■ Required action
Starting at the line below holding "asymptotically_flat p2 \<and>" and stopping at the line holding "by (rule glued_regular_up_to_shell)", print every line exactly, both ends included, and leave the rest out.

------ Records shown ------

theorem theorem1:
  shows "\<exists>(ls::real) (p1::piece) (p2::piece) (l0::real) (Q::real) (M::real) (lh::real).
     regular_up_to_shell ls p1 p2 \<and>
     asymptotically_flat p2 \<and>
     \<not> time_symmetric ls p1 p2 \<and> \<not> maximal ls p1 p2 \<and>
     dominant_energy ls p1 p2 \<and>
     electrovac_outside ls p1 p2 l0 Q \<and>
     ((\<lambda>l. ms_mass p2 l) \<longlongrightarrow> M) at_top \<and>
     M > \<bar>Q\<bar> \<and>
     l0 < lh \<and> horizon_at ls p1 p2 lh \<and>
     pr p2 lh = M + sqrt (M\<^sup>2 - Q\<^sup>2) \<and>
     2 * pr p2 l0 < \<bar>Q\<bar>"
proof (intro exI conjI)
  show "regular_up_to_shell (200/41) interior_piece exterior_piece"
    by (rule glued_regular_up_to_shell)
  show "electrovac_outside (200/41) interior_piece exterior_piece (200/41) 10"
    by (rule glued_electrovac_outside)
  show "((\<lambda>l. ms_mass exterior_piece l) \<longlongrightarrow> 29/2) at_top"
    using ms_mass_exterior_tendsto by simp
  show "horizon_at (200/41) interior_piece exterior_piece (l_of_x (1/25))"
    by (rule glued_horizon_at)
  show "pr exterior_piece (l_of_x (1/25)) = 29/2 + sqrt ((29/2)\<^sup>2 - 10\<^sup>2)"
    by (rule horizon_area_radius)
  show "2 * pr exterior_piece (200/41) < \<bar>10 :: real\<bar>"
    by (simp add: exterior_piece_simps x_of_shell)
qed (use asymptotically_flat_exterior glued_not_time_symmetric glued_not_maximal glued_dominant_energy shell_lt_horizon in auto)

end
theorem lemma1p10:
  fixes R :: "('a, 'm) ring_scheme" and k :: loc_kind
    and S T \<aa> \<bb> :: "'a set"
  assumes "ring R"
    and "S \<in> Lset k R \<aa>" and "T \<in> Lset k R \<bb>" and "S \<subseteq> T"
  shows "\<aa> \<subseteq> \<bb>
    \<and> ((k = LeftLoc \<or> k = TwoSided) \<longrightarrow>
        (\<exists>\<phi>. \<phi> \<in> ring_hom (loc_ring R S) (loc_ring R T)
           \<and> (\<forall>r\<in>carrier R. \<phi> (loc_map R S r) = loc_map R T r)
           \<and> (\<forall>s\<in>S. \<forall>r\<in>carrier R.
                \<phi> (loc_inv R S s \<otimes>\<^bsub>loc_ring R S\<^esub> loc_map R S r)
                  = loc_inv R T s \<otimes>\<^bsub>loc_ring R T\<^esub> loc_map R T r)
           \<and> a_kernel (loc_ring R S) (loc_ring R T) \<phi>
                = {loc_inv R S s \<otimes>\<^bsub>loc_ring R S\<^esub> loc_map R S b | s b. s \<in> S \<and> b \<in> \<bb>}))
    \<and> (k = RightLoc \<longrightarrow>
        (\<exists>\<phi>. \<phi> \<in> ring_hom (loc_ring R S) (loc_ring R T)
           \<and> (\<forall>r\<in>carrier R. \<phi> (loc_map R S r) = loc_map R T r)
           \<and> (\<forall>s\<in>S. \<forall>r\<in>carrier R.
                \<phi> (loc_map R S r \<otimes>\<^bsub>loc_ring R S\<^esub> loc_inv R S s)
                  = loc_map R T r \<otimes>\<^bsub>loc_ring R T\<^esub> loc_inv R T s)
           \<and> a_kernel (loc_ring R S) (loc_ring R T) \<phi>
                = {loc_map R S b \<otimes>\<^bsub>loc_ring R S\<^esub> loc_inv R S s | s b. s \<in> S \<and> b \<in> \<bb>}))"
proof -
  from assms(2,3) have S: "kind_localizable k R S" "ass R S = \<aa>"
    and T: "kind_localizable k R T" "ass R T = \<bb>"
    by (auto simp: Lset_def)
  from T(1) have TR: "T \<subseteq> carrier R"
    by (cases k) (auto simp: kind_localizable_def left_localizable_def right_localizable_def
        multiplicative_set_def)
  note lift = assms(1) TR assms(4)
  have "\<aa> \<subseteq> \<bb>" using ass_mono[OF lift] S(2) T(2) by simp
  moreover have "left_localizable R S" if "k = LeftLoc \<or> k = TwoSided"
    using S(1) that by (auto simp: kind_localizable_def)
  moreover have "right_localizable R S" if "k = RightLoc"
    using S(1) that by (simp add: kind_localizable_def)
  ultimately show ?thesis
    using loc_lift_hom[OF lift] loc_lift_loc_map[OF lift]
      loc_lift_left_fraction[OF lift] loc_lift_kernel_left[OF lift]
      loc_lift_right_fraction[OF lift] loc_lift_kernel_right[OF lift]
    unfolding T(2) by (intro conjI impI exI[of _ "loc_lift R T"]) auto
qed

end
(* Let $a$ be a regular scale factor, let $\dot a(0^+)=\lim_{t\to0^+}\dot a(t)$, and fix $\tau>0$. (a) If $\dot a(0^+)=0$ and there exists $\epsilon>0$ such that $\ddot a(t)\ge0$ for $t\in(0,\epsilon)$, then \[ \lim_{t_0\to0^+}\int_{t_0}^{\tau}\frac{\ddot a(t)}{\dot a(t)^2}\frac{dt}{\sqrt{a^2(\tau)-a^2(t)}}=\infty. \] (b) If $\infty>\dot a(0^+)>0$, then the limit \[ \lim_{t_0\to0^+}\int_{t_0}^{\tau}\frac{\ddot a(t)}{\dot a(t)^2}\frac{dt}{\sqrt{a^2(\tau)-a^2(t)}}=\int_{0}^{\tau}\frac{\ddot a(t)}{\dot a(t)^2}\frac{dt}{\sqrt{a^2(\tau)-a^2(t)}} \] exists and is finite.
   Context: A function $a:[0,\infty)\to[0,\infty)$ is a regular scale factor if: (a) $a(0)=0$; (b) $a$ is increasing and continuous on $[0,\infty)$, twice continuously differentiable on $(0,\infty)$, with an inverse function on $[0,\infty)$; (c) $\frac{a(t)\ddot a(t)}{\dot a(t)^2}\le1$ for all $t>0$ (presupposing $\dot a(t)\ne0$). *)

theory Defs
  imports "HOL-Analysis.Analysis"
begin

definition regular_scale_factor ::
  "(real \<Rightarrow> real) \<Rightarrow> (real \<Rightarrow> real) \<Rightarrow> (real \<Rightarrow> real) \<Rightarrow> bool" where
  "regular_scale_factor a a' a'' \<longleftrightarrow>
     a 0 = 0 \<and>
     (\<forall>t\<ge>0. a t \<ge> 0) \<and>
     strict_mono_on {0..} a \<and>
     continuous_on {0..} a \<and>
     (\<forall>t>0. (a has_real_derivative a' t) (at t)) \<and>
     (\<forall>t>0. (a' has_real_derivative a'' t) (at t)) \<and>
     continuous_on {0<..} a'' \<and>
     (\<forall>t>0. a' t \<noteq> 0) \<and>
     (\<forall>t>0. a t * a'' t / (a' t)\<^sup>2 \<le> 1)"

definition sf_integrand ::
  "(real \<Rightarrow> real) \<Rightarrow> (real \<Rightarrow> real) \<Rightarrow> (real \<Rightarrow> real) \<Rightarrow> real \<Rightarrow> real \<Rightarrow> real" where
  "sf_integrand a a' a'' \<tau> t = a'' t / (a' t)\<^sup>2 / sqrt ((a \<tau>)\<^sup>2 - (a t)\<^sup>2)"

------

■ Answer below
     asymptotically_flat p2 \<and>
     \<not> time_symmetric ls p1 p2 \<and> \<not> maximal ls p1 p2 \<and>
     dominant_energy ls p1 p2 \<and>
     electrovac_outside ls p1 p2 l0 Q \<and>
     ((\<lambda>l. ms_mass p2 l) \<longlongrightarrow> M) at_top \<and>
     M > \<bar>Q\<bar> \<and>
     l0 < lh \<and> horizon_at ls p1 p2 lh \<and>
     pr p2 lh = M + sqrt (M\<^sup>2 - Q\<^sup>2) \<and>
     2 * pr p2 l0 < \<bar>Q\<bar>"
proof (intro exI conjI)
  show "regular_up_to_shell (200/41) interior_piece exterior_piece"
    by (rule glued_regular_up_to_shell)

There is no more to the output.